Старому актеру, игравшему простака Юпитера, чья голова склонялась под бременем огромной короны, еле-еле удалось на минуту развеселить публику семейной сценой с Юноной из-за счета кухарки. А когда один за другим стали выходить боги - Нептун, Плутон, Минерва и прочие, - это чуть было не испортило все. Мало-помалу поднялся беспокойный ропот, выражавший всеобщее нетерпение, зрители не интересовались больше сценой и смотрели в зал. Люси и Лабордет пересмеивались; граф де Вандевр поглядывал по сторонам из-за полных плеч Бланш, а Фошри украдкой наблюдал за ложей Мюффа; граф сидел с невозмутимым лицом, словно ничего не понял; графиня неопределенно улыбалась, мечтательно устремив глаза вдаль. И вдруг среди всеобщего недовольства раздался, словно беглая стрельба, сухой треск аплодисментов клаки. Все повернулись к сцене: уж не Нана ли вышла, наконец? Долго же она заставляет себя ждать, эта Нана!
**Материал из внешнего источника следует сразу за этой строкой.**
(* Let $A$ be a synaptic algebra and let $p,q\in P$ be in generic position ($p\wedge q=p\wedge q^{\perp}=p^{\perp}\wedge q=p^{\perp}\wedge q^{\perp}=0$). Let $c:=(pqp+p^{\perp}q^{\perp}p^{\perp})^{1/2}$, $s:=(pq^{\perp}p+p^{\perp}qp^{\perp})^{1/2}$, let $u$ be the symmetry of the polar decomposition of $p-q^{\perp}$ (so $p-q^{\perp}=cu=uc$) and $v$ the symmetry of the polar decomposition of $p-q$ (so $p-q=sv=vs$), and put $j:=uvp+pvu$ and $\ell:=2p-1$. Then: (i) $j$ is a symmetry in $A$ exchanging $p$ and $p^{\perp}$, i.e. $jpj=p^{\perp}$; (ii) $j$ commutes with both $s$ and $c$; (iii) $j=pj+jp$; (iv) $\ell=2p-1=p-p^{\perp}=cu+sv$ is a symmetry that commutes with $p$, $c$ and $s$.
   Context: Synaptic algebra (Foulis): $R$ is a real linear associative algebra with unit $1$, and $A\subseteq R$ is a real linear subspace with $1\in A$. For $a,b\in A$ write $aCb$ iff $ab=ba$; $C(a):=\{b\in A: aCb\}$; $CC(a):=\{b\in A: bCd \text{ for all } d\in C(a)\}$. $A$ is a synaptic algebra with enveloping algebra $R$ iff: (SA1) $A$ is a partially ordered archimedean real linear space with positive cone $A^+$, $1$ is an order unit, $\|\cdot\|$ the order-unit norm; (SA2) $a\in A\Rightarrow a^2\in A^+$; (SA3) $a,b\in A^+\Rightarrow aba\in A^+$; (SA4) if $a\in A$, $b\in A^+$, $aba=0$ then $ab=ba=0$; (SA5) if $a\in A^+$ there is $b\in A^+\cap CC(a)$ with $b^2=a$; (SA6) for $a\in A$ there is $p=p^2\in A$ with $ab=0\Leftrightarrow pb=0$ for all $b\in A$; (SA7) if $1\le a$ there is $b\in A$ with $ab=ba=1$; (SA8) if $a,b\in A$, $a_1\le a_2\le\cdots$ are pairwise commuting elements of $C(b)$ with $\|a-a_n\|\to0$, then $a\in C(b)$. $A$ is nondegenerate ($1\neq0$). Products are computed in $R$. $P:=\{p\in A:p=p^2\}$ with inherited order is an orthomodular lattice with $p^{\perp}:=1-p$, meet $\wedge$, join $\vee$. For $0\le a$, $a^{1/2}$ is its unique positive square root in $A$, $|a|:=(a^2)^{1/2}$; $a^{\circ}$ is the carrier of $a$ (the unique projection with $ab=0\Leftrightarrow a^{\circ}b=0$ for all $b\in A$). A symmetry is $u\in A$ with $u^2=1$. For $a\in A$, the signum $t$ of $a$ is the partial symmetry with $t^2=a^{\circ}$, $t\in CC(a)$, $a=|a|t=t|a|$; the symmetry of the polar decomposition of $a$ is $t+(a^{\circ})^{\perp}$, a symmetry in $CC(a)$ with $a=|a|u=u|a|$. A symmetry $w$ exchanges projections $x,y$ iff $wxw=y$. *)

theory Defs
  imports Main "HOL.Real_Vector_Spaces"
begin

text \<open>The enveloping algebra R is the type 'a (a real associative algebra with unit);
  A is a subset of it and K is the positive cone of A.\<close>

definition sa_le :: "'a::real_algebra_1 set \<Rightarrow> 'a \<Rightarrow> 'a \<Rightarrow> bool" where
  "sa_le K a b \<longleftrightarrow> b - a \<in> K"

definition onorm :: "'a::real_algebra_1 set \<Rightarrow> 'a \<Rightarrow> real" where
  "onorm K a = Inf {l::real. 0 \<le> l \<and> sa_le K (- (l *\<^sub>R 1)) a \<and> sa_le K a (l *\<^sub>R 1)}"

definition Comm :: "'a::real_algebra_1 set \<Rightarrow> 'a \<Rightarrow> 'a set" where
  "Comm A a = {b \<in> A. a * b = b * a}"
(* Let $\Lambda:\mathcal{B}(\mathcal{H}_d)\to\mathcal{B}(\mathcal{H}_d)$ be a quantum operation. Then the map $$\Lambda'_{\min}[\varrho]=\sqrt{I-\Lambda^{\dagger}[I]}\,\varrho\,\sqrt{I-\Lambda^{\dagger}[I]}$$ is an extension for $\Lambda$, and any extension $\Lambda'$ for $\Lambda$ has the form $\Lambda'=\Phi\circ\Lambda'_{\min}$ for some quantum channel $\Phi:\mathcal{B}(\mathcal{H}_d)\to\mathcal{B}(\mathcal{H}_d)$.
   Context: $\mathcal{H}_d$ is a Hilbert space of finite dimension $d>1$. A quantum operation is a linear map $\Lambda:\mathcal{B}(\mathcal{H}_d)\to\mathcal{B}(\mathcal{H}_d)$ that is completely positive and trace nonincreasing, equivalently $\Lambda^\dagger[I]\le I$, where $\Lambda^\dagger$ is the dual map defined by $\mathrm{tr}[\Lambda[X]Y]=\mathrm{tr}[X\Lambda^\dagger[Y]]$. A quantum channel is a completely positive trace preserving map ($\Phi^\dagger[I]=I$). A quantum operation $\Lambda'$ is called an extension for the quantum operation $\Lambda$ if $\Lambda+\Lambda'$ is trace preserving. *)

theory Defs
  imports "Jordan_Normal_Form.Matrix"
begin

text \<open>Operators on H_d are complex d x d matrices (carrier_mat d d).
  Maps B(H_d) -> B(H_d) are functions complex mat => complex mat; only their
  behaviour on carrier_mat d d matters.\<close>

definition mtrace :: "complex mat \<Rightarrow> complex" where
  "mtrace A = (\<Sum>i<dim_row A. A $$ (i, i))"

definition qf :: "complex mat \<Rightarrow> complex vec \<Rightarrow> complex" where
  "qf A v = (\<Sum>i<dim_vec v. \<Sum>j<dim_vec v. cnj (v $ i) * A $$ (i, j) * v $ j)"

definition psd :: "nat \<Rightarrow> complex mat \<Rightarrow> bool" where
  "psd n A \<longleftrightarrow> A \<in> carrier_mat n n \<and>
     (\<forall>v \<in> carrier_vec n. \<exists>r::real. r \<ge> 0 \<and> qf A v = complex_of_real r)"

definition loewner_le :: "nat \<Rightarrow> complex mat \<Rightarrow> complex mat \<Rightarrow> bool" where
  "loewner_le n A B \<longleftrightarrow> A \<in> carrier_mat n n \<and> B \<in> carrier_mat n n \<and> psd n (B - A)"

definition psd_sqrt :: "nat \<Rightarrow> complex mat \<Rightarrow> complex mat" where
  "psd_sqrt n A = (THE B. psd n B \<and> B * B = A)"

definition linear_map :: "nat \<Rightarrow> (complex mat \<Rightarrow> complex mat) \<Rightarrow> bool" where
  "linear_map d L \<longleftrightarrow>
     (\<forall>X \<in> carrier_mat d d. L X \<in> carrier_mat d d) \<and>
     (\<forall>X \<in> carrier_mat d d. \<forall>Y \<in> carrier_mat d d. L (X + Y) = L X + L Y) \<and>
     (\<forall>X \<in> carrier_mat d d. \<forall>c::complex. L (c \<cdot>\<^sub>m X) = c \<cdot>\<^sub>m L X)"
lemma tail_mass_eq_1_iff:
  assumes "prob_weights d n w"
  shows "tail_mass d n w i k = 1 \<longleftrightarrow> (\<forall>p\<in>gridE d n. w p \<noteq> 0 \<longrightarrow> k \<le> p i)"
proof -
  have "tail_mass d n w i k = 1 \<longleftrightarrow> sum w {p \<in> gridE d n. \<not> k \<le> p i} = 0"
    using tail_mass_compl[OF assms] by simp
  also have "\<dots> \<longleftrightarrow> (\<forall>p\<in>gridE d n. w p \<noteq> 0 \<longrightarrow> k \<le> p i)"
    using assms unfolding prob_weights_def by (subst sum_nonneg_eq_0_iff) auto
  finally show ?thesis .
qed

lemma split_weights_at_tail:
  assumes w: "prob_weights d n w" and q: "0 < tail_mass d n w i k" "tail_mass d n w i k < 1"
  obtains w1 w2 where "prob_weights d n w1" "prob_weights d n w2" "w1 \<noteq> w2"
    "w = (1 - tail_mass d n w i k) *\<^sub>R w2 + tail_mass d n w i k *\<^sub>R w1"
proof -
  define q where "q = tail_mass d n w i k"
  define w1 where "w1 p = (if k \<le> p i then w p / q else 0)" for p
  define w2 where "w2 p = (if k \<le> p i then 0 else w p / (1 - q))" for p
  have "sum w1 (gridE d n) = tail_mass d n w i k / q"
    unfolding w1_def tail_mass_def sum.inter_filter[OF finite_gridE] sum_divide_distrib
    by (intro sum.cong) auto
  then have "prob_weights d n w1"
    using w q by (auto simp: prob_weights_def w1_def q_def)
  moreover have "sum w2 (gridE d n) = sum w {p \<in> gridE d n. \<not> k \<le> p i} / (1 - q)"
    unfolding w2_def sum.inter_filter[OF finite_gridE] sum_divide_distrib
    by (intro sum.cong) auto
  then have "prob_weights d n w2"
    using w q tail_mass_compl[OF w, of k i] by (auto simp: prob_weights_def w2_def q_def)
  moreover have "w1 \<noteq> w2"
  proof -
    obtain p where "p \<in> gridE d n" "w p \<noteq> 0" "k \<le> p i"
      using q(1) tail_mass_eq_0_iff[OF w, of i k] by force
    then have "w2 p \<noteq> w1 p"
      using q by (simp add: w1_def w2_def q_def)
    then show ?thesis
      by auto
  qed
  moreover have "w = (1 - q) *\<^sub>R w2 + q *\<^sub>R w1"
    using q by (auto simp: fun_eq_iff scaleR_fun_def w1_def w2_def q_def)
  ultimately show thesis
    using that unfolding q_def by blast
qed

lemma Inc1_tail_mass_iff:
  assumes "prob_weights d n w"
  shows "Inc1 r d n tau l (tail_mass d n w) \<delta> \<longleftrightarrow>
    (\<forall>i\<in>{1..d}. \<forall>t\<in>{1..l i - 1}.
       (if r then 0 \<le> \<delta> i t \<and> \<delta> i t \<le> 1 else \<delta> i t \<in> {0, 1})
       \<and> \<delta> i t \<le> tail_mass d n w i (tau i t) \<and> tail_mass d n w i (tau i t + 1) \<le> \<delta> i t)"
  using assms tail_mass_0 tail_mass_nonneg tail_mass_antimono[OF assms]
  by (auto simp: Inc1_def)

lemma Inc1_cong:
  assumes "\<And>i k. i \<in> {1..d} \<Longrightarrow> k \<le> n \<Longrightarrow> z i k = z' i k"
    and "\<And>i t. i \<in> {1..d} \<Longrightarrow> t \<in> {1..l i - 1} \<Longrightarrow> tau i t < n"
  shows "Inc1 r d n tau l z \<delta> \<longleftrightarrow> Inc1 r d n tau l z' \<delta>"
proof -
  have "z i k = z' i k" if "i \<in> {1..d}" "k \<le> n" for i k
    using assms(1) that .
  moreover have "z i (j - 1) = z' i (j - 1)" if "i \<in> {1..d}" "j \<in> {1..n}" for i j
    using assms(1)[of i "j - 1"] that by auto
  moreover have "z i (tau i t + 1) = z' i (tau i t + 1)" "z i (tau i t) = z' i (tau i t)"
    if "i \<in> {1..d}" "t \<in> {1..l i - 1}" for i t
    using assms that by (simp_all add: Suc_le_eq less_imp_le)
  ultimately show ?thesis
    unfolding Inc1_def by (intro ball_cong refl) simp
qed

lemma support_above_if_delta_eq_1:
  assumes w: "prob_weights d n w" and \<delta>: "Inc1 r d n tau l (tail_mass d n w) \<delta>"
    and it: "i \<in> {1..d}" "t \<in> {1..l i - 1}" and one: "\<delta> i t = 1"
    and p: "p \<in> gridE d n" "w p \<noteq> 0"
  shows "tau i t \<le> p i"
proof -
  have "\<delta> i t \<le> tail_mass d n w i (tau i t)"
    using \<delta> it unfolding Inc1_tail_mass_iff[OF w] by blast
  then have "tail_mass d n w i (tau i t) = 1"
    using one tail_mass_le_1[OF w] by (simp add: order_antisym)
  then show ?thesis
    using p unfolding tail_mass_eq_1_iff[OF w] by blast
qed

lemma support_below_if_delta_eq_0:
  assumes w: "prob_weights d n w" and \<delta>: "Inc1 r d n tau l (tail_mass d n w) \<delta>"
    and it: "i \<in> {1..d}" "t \<in> {1..l i - 1}" and zero: "\<delta> i t = 0"
    and p: "p \<in> gridE d n" "w p \<noteq> 0"
  shows "p i \<le> tau i t"
proof -
  have "tail_mass d n w i (tau i t + 1) \<le> \<delta> i t"
    using \<delta> it unfolding Inc1_tail_mass_iff[OF w] by blast
  then have "tail_mass d n w i (tau i t + 1) = 0"
    using zero tail_mass_nonneg[OF w] by (simp add: order_antisym)
  then show ?thesis
    using p unfolding tail_mass_eq_0_iff[OF w] by fastforce
qed

lemma Inc1_tail_mass_update:
  assumes w: "prob_weights d n w" and \<delta>: "Inc1 True d n tau l (tail_mass d n w) \<delta>"
    and x: "tail_mass d n w i (tau i t + 1) \<le> x" "x \<le> tail_mass d n w i (tau i t)"
  shows "Inc1 True d n tau l (tail_mass d n w) (\<delta>(i := (\<delta> i)(t := x)))"
  using \<delta> x tail_mass_nonneg[OF w, of i "tau i t + 1"] tail_mass_le_1[OF w, of i "tau i t"]
  unfolding Inc1_tail_mass_iff[OF w] by auto

definition cell_delta :: "nat \<Rightarrow> (nat \<Rightarrow> nat) \<Rightarrow> (nat \<Rightarrow> nat) \<Rightarrow> nat \<Rightarrow> nat \<Rightarrow> real" where
  "cell_delta d l T i t = (if i \<in> {1..d} \<and> t \<in> {1..l i - 1} \<and> t < T i then 1 else 0)"

(* A relaxed delta_it is recorded by its relative position theta_it in the interval allowed by
   (Inc-1); for fixed theta it then depends linearly on w. *)
definition interp_delta :: "nat \<Rightarrow> nat \<Rightarrow> (nat \<Rightarrow> nat \<Rightarrow> nat) \<Rightarrow> (nat \<Rightarrow> nat) \<Rightarrow> (nat \<Rightarrow> nat \<Rightarrow> real)
    \<Rightarrow> ((nat \<Rightarrow> nat) \<Rightarrow> real) \<Rightarrow> nat \<Rightarrow> nat \<Rightarrow> real" where
  "interp_delta d n tau l \<theta> w i t =
     (if i \<in> {1..d} \<and> t \<in> {1..l i - 1}
      then (1 - \<theta> i t) * tail_mass d n w i (tau i t + 1) + \<theta> i t * tail_mass d n w i (tau i t)
      else 0)"

lemma interp_delta_lin:
  "interp_delta d n tau l \<theta> (x *\<^sub>R w1 + y *\<^sub>R w2)
     = x *\<^sub>R interp_delta d n tau l \<theta> w1 + y *\<^sub>R interp_delta d n tau l \<theta> w2"
  unfolding fun_eq_iff interp_delta_def tail_mass_lin by (simp add: scaleR_fun_def algebra_simps)

lemma interp_delta_feasible:
  assumes w: "prob_weights d n w" and \<theta>: "\<forall>i t. 0 \<le> \<theta> i t \<and> \<theta> i t \<le> 1"
  shows "Inc1 True d n tau l (tail_mass d n w) (interp_delta d n tau l \<theta> w)"
  unfolding Inc1_tail_mass_iff[OF w]
proof (intro ballI)
  fix i t assume it: "i \<in> {1..d}" "t \<in> {1..l i - 1}"
  let ?L = "tail_mass d n w i (tau i t + 1)" and ?U = "tail_mass d n w i (tau i t)"
  have "?L \<le> ?U" "0 \<le> ?L" "?U \<le> 1"
    using tail_mass_antimono[OF w] tail_mass_nonneg[OF w] tail_mass_le_1[OF w] by auto
  moreover have "0 \<le> \<theta> i t" "\<theta> i t \<le> 1"
    using \<theta> by auto
  then have "(1 - \<theta> i t) * ?L + \<theta> i t * ?L \<le> (1 - \<theta> i t) * ?L + \<theta> i t * ?U"
      "(1 - \<theta> i t) * ?L + \<theta> i t * ?U \<le> (1 - \<theta> i t) * ?U + \<theta> i t * ?U"
    using \<open>?L \<le> ?U\<close> by (intro convex_comb_le; simp)+
  moreover have "interp_delta d n tau l \<theta> w i t = (1 - \<theta> i t) * ?L + \<theta> i t * ?U"
    using it by (simp add: interp_delta_def)
  ultimately show "(if True then 0 \<le> interp_delta d n tau l \<theta> w i t \<and> interp_delta d n tau l \<theta> w i t \<le> 1
        else interp_delta d n tau l \<theta> w i t \<in> {0, 1})
      \<and> interp_delta d n tau l \<theta> w i t \<le> ?U \<and> ?L \<le> interp_delta d n tau l \<theta> w i t"
    by (simp add: algebra_simps)
qed

lemma relaxed_delta_eq_interp_delta:
  assumes w: "prob_weights d n w" and \<delta>: "Inc1 True d n tau l (tail_mass d n w) \<delta>"
    and supp: "delta_support d l \<delta>"
  obtains \<theta> where "\<forall>i t. 0 \<le> \<theta> i t \<and> \<theta> i t \<le> 1" "\<delta> = interp_delta d n tau l \<theta> w"
proof -
  have "\<exists>\<theta>. 0 \<le> \<theta> \<and> \<theta> \<le> 1 \<and> \<delta> i t = interp_delta d n tau l (\<lambda>_ _. \<theta>) w i t" for i t
  proof (cases "i \<in> {1..d} \<and> t \<in> {1..l i - 1}")
    case True
    then have "tail_mass d n w i (tau i t + 1) \<le> \<delta> i t" "\<delta> i t \<le> tail_mass d n w i (tau i t)"
      using \<delta> unfolding Inc1_tail_mass_iff[OF w] by auto
    then obtain \<theta> where "0 \<le> \<theta>" "\<theta> \<le> 1"
        "\<delta> i t = (1 - \<theta>) * tail_mass d n w i (tau i t + 1) + \<theta> * tail_mass d n w i (tau i t)"
      by (rule real_ivl_convex_comb)
    then show ?thesis
      using True by (auto simp: interp_delta_def)
  next
    case False
    then show ?thesis
      using supp by (auto simp: delta_support_def interp_delta_def)
  qed
  then obtain \<theta> where \<theta>: "\<forall>i t. 0 \<le> \<theta> i t \<and> \<theta> i t \<le> 1
      \<and> \<delta> i t = interp_delta d n tau l (\<lambda>_ _. \<theta> i t) w i t"
    by metis
  moreover have "\<delta> = interp_delta d n tau l \<theta> w"
    using \<theta> by (auto simp: fun_eq_iff interp_delta_def)
  ultimately show thesis
    by (intro that[of \<theta>]) auto
qed

lemma Zmap_convex_comb:
  "Zmap a ((1 - \<theta>) *\<^sub>R s1 + \<theta> *\<^sub>R s2) = (1 - \<theta>) *\<^sub>R Zmap a s1 + \<theta> *\<^sub>R Zmap a s2"
  by (auto simp: fun_eq_iff Zmap_def scaleR_fun_def diff_divide_distrib add_divide_distrib algebra_simps)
Но то была депутация смертных, которую вели Ганимед и Ирида; почтенные буржуа - обманутые мужья - явились к владыке богов с жалобой на Венеру: она-де необузданностью своих страстей дурно влияет на их жен. Хор, написанный в наивно-жалобном тоне, прерывавшийся многозначительными паузами, чрезвычайно насмешил публику. Весь зал облетела острота: "хор рогоносцев", и название это так и сохранилось за хором. У хористов был забавный вид - зрители находили, что внешность у них подходящая, особенно у толстяка с круглой, как луна, физиономией.

Но вот явился взбешенный Вулкан, требуя возвратить ему жену, сбежавшую три дня назад. Снова запел хор, взывая к богу рогоносцев Вулкану. Эту роль исполнял Фонтан, комик с озорным и самобытным дарованием, но с разнузданной фантазией; он вышел в огненно-рыжем парике, в гриме сельского кузнеца с голыми руками, на которых были вытатуированы сердца, пронзенные стрелами. Женский голос пронзительно крикнул: "До чего ж уродлив!", - и все женщины, аплодируя, расхохотались.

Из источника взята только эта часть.